In pseudo-code to make it clearer it would look like above. We should be taking advantage of the framework parallelism system not to load by ourselves the data, so I would do something like first load in memory only the indices of sequences, then load sequences (inside a map, hence if not all lines are processed synchronously, data is loaded asynchronously and there's no OOM to fear), and apply a function on those sequences of tokens that would create a varying number of skip-grams that needs to be flattened.

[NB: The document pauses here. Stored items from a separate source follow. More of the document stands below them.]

lemma C_hom_preimage_filter:
  assumes \<phi>: "C_hom II JJ A B \<phi>" and t: "is_inf A {} t" and F: "F \<in> filters B"
  shows "{a \<in> A. \<phi> a \<in> F} \<in> filters A"
proof (rule filtersI)
  have "is_inf B {} (\<phi> t)" using C_hom_finite_inf[OF \<phi> _ _ t] by simp
  then have "\<phi> t \<in> F" using filters_top[OF F] by blast
  then show "{a \<in> A. \<phi> a \<in> F} \<noteq> {}" using is_inf_in[OF t] by blast
  show "{a \<in> A. \<phi> a \<in> F} \<subseteq> A" by blast
next
  fix a b assume "a \<in> {a \<in> A. \<phi> a \<in> F}" "b \<in> A" "a \<le> b"
  moreover have "\<phi> b \<in> B" using C_hom_funcset[OF \<phi>] \<open>b \<in> A\<close> by blast
  ultimately show "b \<in> {a \<in> A. \<phi> a \<in> F}"
    using filters_up[OF F] C_hom_mono[OF \<phi>] by blast
next
  fix a b m assume ab: "a \<in> {a \<in> A. \<phi> a \<in> F}" "b \<in> {a \<in> A. \<phi> a \<in> F}" and m: "is_inf A {a, b} m"
  then have "is_inf B {\<phi> a, \<phi> b} (\<phi> m)" using C_hom_finite_inf[OF \<phi>, of "{a, b}"] by simp
  then show "m \<in> {a \<in> A. \<phi> a \<in> F}"
    using filters_inf[OF F] ab is_inf_in[OF m] by blast
qed

lemma complete_hom_preimage_filter:
  assumes "complete_hom A B h" "is_inf A {} t" "F \<in> filters B"
  shows "{a \<in> A. h a \<in> F} \<in> filters A"
proof -
  have "{a \<in> A. restrict h A a \<in> F} = {a \<in> A. h a \<in> F}" by auto
  then show ?thesis
    using C_hom_preimage_filter[OF complete_hom_C_hom[OF assms(1), of "{}" "{}"] assms(2,3)] by simp
qed

lemma conv_obj_preimage_filter:
  assumes "conv_obj A lim" "C_hom II JJ A B \<phi>" "F \<in> filters B"
  shows "{l \<in> A. \<phi> l \<in> F} \<in> filters A"
  using conv_obj_top[OF assms(1)] C_hom_preimage_filter[OF assms(2) _ assms(3)] by blast

lemma complete_hom_preimage:
  assumes "f ` X \<subseteq> Y"
  shows "complete_hom (Pow Y) (Pow X) (\<lambda>B. {x \<in> X. f x \<in> B})"
  unfolding complete_hom_def is_inf_Pow is_sup_Pow using assms by auto

lemma fimage_filter:
  assumes "f ` X \<subseteq> Y" and "F \<in> filters (Pow X)"
  shows "fimage X Y f F \<in> filters (Pow Y)"
  using complete_hom_preimage_filter[OF complete_hom_preimage[OF assms(1)] _ assms(2)]
  unfolding fimage_def is_inf_Pow by simp

definition point_eval :: "'x \<Rightarrow> 'x set \<Rightarrow> unit set" where
  "point_eval x S = (if x \<in> S then UNIV else {})"

lemma complete_hom_point_eval:
  assumes "x \<in> X"
  shows "complete_hom (Pow X) (Pow UNIV) (point_eval x)"
  unfolding complete_hom_def is_inf_Pow is_sup_Pow point_eval_def using assms by auto

lemma point_eval_pullback_converges:
  assumes cv: "conv_space X cv" and x: "x \<in> X" and F: "F \<in> filters (Pow (UNIV :: unit set))"
  shows "cv {S \<in> Pow X. point_eval x S \<in> F} x"
proof -
  have "UNIV \<in> F" using filters_top[OF F] unfolding is_inf_Pow by simp
  then have "{S \<in> Pow X. x \<in> S} \<subseteq> {S \<in> Pow X. point_eval x S \<in> F}"
    by (auto simp: point_eval_def)
  moreover have "{S \<in> Pow X. point_eval x S \<in> F} \<in> filters (Pow X)"
    using complete_hom_preimage_filter[OF complete_hom_point_eval[OF x] _ F] by (simp add: is_inf_Pow)
  ultimately show ?thesis
    using conv_space_finer[OF cv conv_space_principal[OF cv x]] by blast
qed

definition dagger :: "'x set \<Rightarrow> 'a set \<Rightarrow> ('a \<Rightarrow> 'x set) \<Rightarrow> 'x \<Rightarrow> 'a \<Rightarrow> unit set" where
  "dagger X A \<phi> = (\<lambda>x\<in>X. \<lambda>l\<in>A. point_eval x (\<phi> l))"

lemma dagger_funcset:
  assumes cv: "conv_space X cv" and A: "conv_obj A lim"
    and \<phi>: "conv_hom II JJ A lim (Pow X) (limP X cv) \<phi>"
  shows "dagger X A \<phi> \<in> X \<rightarrow>\<^sub>E pt II JJ A lim"
proof -
  have \<phi>C: "C_hom II JJ A (Pow X) \<phi>" using conv_hom_C_hom[OF \<phi>] .
  have \<phi>X: "\<phi> l \<in> Pow X" if "l \<in> A" for l using C_hom_funcset[OF \<phi>C] that by blast
  have "(\<lambda>l\<in>A. point_eval x (\<phi> l)) \<in> pt II JJ A lim" if x: "x \<in> X" for x
  proof -
    let ?\<psi> = "\<lambda>l\<in>A. point_eval x (\<phi> l)"
    have "C_hom II JJ A (Pow UNIV) (\<lambda>l\<in>A. restrict (point_eval x) (Pow X) (\<phi> l))"
      by (rule C_hom_comp[OF \<phi>C complete_hom_C_hom[OF complete_hom_point_eval[OF x]]])
    moreover have "(\<lambda>l\<in>A. restrict (point_eval x) (Pow X) (\<phi> l)) = ?\<psi>"
      using \<phi>X by (intro restrict_ext) simp
    ultimately have \<psi>C: "C_hom II JJ A (Pow UNIV) ?\<psi>" by simp
    have "UNIV \<le> ?\<psi> (lim {l \<in> A. ?\<psi> l \<in> F})" if F: "F \<in> filters (Pow UNIV)" for F
    proof -
      define G where "G = {S \<in> Pow X. point_eval x S \<in> F}"
      have Gx: "cv G x" unfolding G_def using point_eval_pullback_converges[OF cv x F] .
      have eq: "{l \<in> A. \<phi> l \<in> G} = {l \<in> A. ?\<psi> l \<in> F}" using \<phi>X by (auto simp: G_def)
      have "x \<in> limP X cv G" using Gx x by (simp add: limP_def)
      also have "\<dots> \<subseteq> \<phi> (lim {l \<in> A. \<phi> l \<in> G})"
        using conv_hom_lim[OF \<phi> conv_space_filter[OF cv Gx]] by simp
      finally have "x \<in> \<phi> (lim {l \<in> A. ?\<psi> l \<in> F})" unfolding eq .
      moreover have "lim {l \<in> A. ?\<psi> l \<in> F} \<in> A"
        using conv_obj_lim[OF A conv_obj_preimage_filter[OF A \<psi>C F]] .
      ultimately show ?thesis by (simp add: point_eval_def)
    qed
    with \<psi>C show ?thesis by (simp add: pt_def conv_hom_def)
  qed
  then show ?thesis by (simp add: dagger_def)
qed

lemma dagger_preimage_bullet:
  assumes cv: "conv_space X cv" and A: "conv_obj A lim"
    and \<phi>: "conv_hom II JJ A lim (Pow X) (limP X cv) \<phi>" and l: "l \<in> A"
  shows "{x \<in> X. dagger X A \<phi> x \<in> bullet II JJ A lim l} = \<phi> l"
proof -
  have "\<phi> l \<subseteq> X" using C_hom_funcset[OF conv_hom_C_hom[OF \<phi>]] l by blast
  moreover have "dagger X A \<phi> x \<in> bullet II JJ A lim l \<longleftrightarrow> x \<in> \<phi> l" if "x \<in> X" for x
    using dagger_funcset[OF cv A \<phi>] that l by (auto simp: bullet_def dagger_def point_eval_def)
  ultimately show ?thesis by blast
qed

lemma pt_funcset: "\<psi> \<in> pt II JJ A lim \<Longrightarrow> \<psi> \<in> A \<rightarrow>\<^sub>E Pow UNIV"
  unfolding pt_def using conv_hom_C_hom C_hom_funcset by blast

lemma eq_dagger_if_preimage_bullet:
  assumes g: "g \<in> X \<rightarrow>\<^sub>E pt II JJ A lim"
    and g\<phi>: "\<forall>l\<in>A. {x \<in> X. g x \<in> bullet II JJ A lim l} = \<phi> l"
  shows "g = dagger X A \<phi>"
proof (rule extensionalityI)
  show "g \<in> extensional X" using g by (simp add: PiE_iff)
  show "dagger X A \<phi> \<in> extensional X" by (simp add: dagger_def)
  fix x assume x: "x \<in> X"
  then have gx: "g x \<in> pt II JJ A lim" using g by blast
  show "g x = dagger X A \<phi> x"
  proof (rule extensionalityI)
    show "g x \<in> extensional A" using pt_funcset[OF gx] by (simp add: PiE_iff)
    show "dagger X A \<phi> x \<in> extensional A" using x by (simp add: dagger_def)
    fix l assume l: "l \<in> A"
    have "g x l = UNIV \<longleftrightarrow> x \<in> \<phi> l" using g\<phi> l x gx unfolding bullet_def by blast
    moreover have "g x l = {} \<or> g x l = UNIV" by auto
    ultimately show "g x l = dagger X A \<phi> x l" using x l by (auto simp: dagger_def point_eval_def)
  qed
qed

lemma continuous_conv_if_preimage_bullet:
  assumes cv: "conv_space X cv" and A: "conv_obj A lim"
    and \<phi>: "conv_hom II JJ A lim (Pow X) (limP X cv) \<phi>"
    and g: "g \<in> X \<rightarrow>\<^sub>E pt II JJ A lim"
    and g\<phi>: "\<forall>l\<in>A. {x \<in> X. g x \<in> bullet II JJ A lim l} = \<phi> l"
  shows "continuous_conv X cv (pt II JJ A lim) (pt_conv II JJ A lim) g"
  unfolding continuous_conv_def
proof (intro conjI allI impI ballI)
  let ?P = "pt II JJ A lim"
  show "g x \<in> ?P" if "x \<in> X" for x using g that by blast
  fix F x assume Fx: "cv F x"
  have F: "F \<in> filters (Pow X)" and x: "x \<in> X"
    using conv_space_filter[OF cv Fx] conv_space_point[OF cv Fx] .
  let ?G = "fimage X ?P g F"
  have "g ` X \<subseteq> ?P" using g by (auto simp: PiE_iff)
  then have G: "?G \<in> filters (Pow ?P)" using fimage_filter[OF _ F] by blast
  have "bullet II JJ A lim l \<in> Pow ?P" for l by (auto simp: bullet_def)
  then have "{l \<in> A. bullet II JJ A lim l \<in> ?G} = {l \<in> A. \<phi> l \<in> F}"
    using g\<phi> unfolding fimage_def by auto
  moreover define L where "L = lim {l \<in> A. \<phi> l \<in> F}"
  moreover have "L \<in> A"
    unfolding L_def using conv_obj_lim[OF A conv_obj_preimage_filter[OF A conv_hom_C_hom[OF \<phi>] F]] .
  moreover have "x \<in> \<phi> L"
    unfolding L_def using conv_hom_lim[OF \<phi> F] Fx x by (auto simp: limP_def)
  ultimately have "g x \<in> bullet II JJ A lim (lim {l \<in> A. bullet II JJ A lim l \<in> ?G})"
    using g\<phi> x by auto
  then show "pt_conv II JJ A lim ?G (g x)" using G g x by (auto simp: pt_conv_def)
qed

In this end, I would formally end up with data being of shape (#lines=number of skip-grams generated, #columns=2).
data = range(1:N)
.map(i => load(i): Seq[String]) // load: Int -> Seq[String] loads dynamically a sequence of tokens (sequences have varying length)
.flat_map(s => skip_gram(s)) // skip_gram: Seq[String] -> Seq[(String, String)] with output length
features = data[0] // features
lables = data[1] // labels
I've tried naively to do so with Dataset's API but I'm stuck, I can do something like:
iterator = (
tf.contrib.data.Dataset.range(N)
.map(lambda i: tf.py_func(load_data, [i], [tf.int32, tf.int32])) // (1)
.flat_map(?) // (2)
.make_one_shot_iterator()
)
(1) TensorFlow's not happy here because sequences loaded have differents lengths...
(2) Haven't managed yet to do the skip-gram part... I actually just want to call a python function that computes a sequence (of variable size) of skip-grams and flatten it so that if the return type is a matrix, then each line should be understood as a new line of the output Dataset.
Thanks a lot if anyone has any idea, and don't hesitate if I forgot to mention useful precisions...
I'm just implementing the same thing; here's how I solved it:
dataset = tf.data.TextLineDataset(filename)
if mode == ModeKeys.TRAIN:
dataset = dataset.shuffle(buffer_size=batch_size * 100)
dataset = dataset.flat_map(lambda line: string_to_skip_gram(line))
dataset = dataset.batch(batch_size)
In my dataset, I treat every line as standalone, so I'm not worrying about contexts that span multiple lines.
I therefore flat map each line through a function string_to_skip_gram that returns a Dataset of a length that depends on the number of tokens in the line.
string_to_skip_gram turns the line into a series of tokens, represented by IDs (using the method tokenize_str) using tf.py_func:
def string_to_skip_gram(line):
def handle_line(line):
token_ids = tokenize_str(line)
(features, labels) = skip_gram(token_ids)
return np.array([features, labels], dtype=np.int64)
res = tf.py_func(handle_line, [line], tf.int64)
features = res[0]
labels = res[1]
return tf.data.Dataset.from_tensor_slices((features, labels))
Finally, skip_gram returns a list of all possible context words and target words:
def skip_gram(token_ids):
skip_window = 1
features = []
labels = []
context_range = [i for i in range(-skip_window, skip_window + 1) if i != 0]
for word_index in range(skip_window, len(token_ids) - skip_window):
for context_word_offset in context_range:
features.append(token_ids[word_index])
labels.append(token_ids[word_index + context_word_offset])
return features, labels
Note that I'm not sampling the context words here; just using all of them.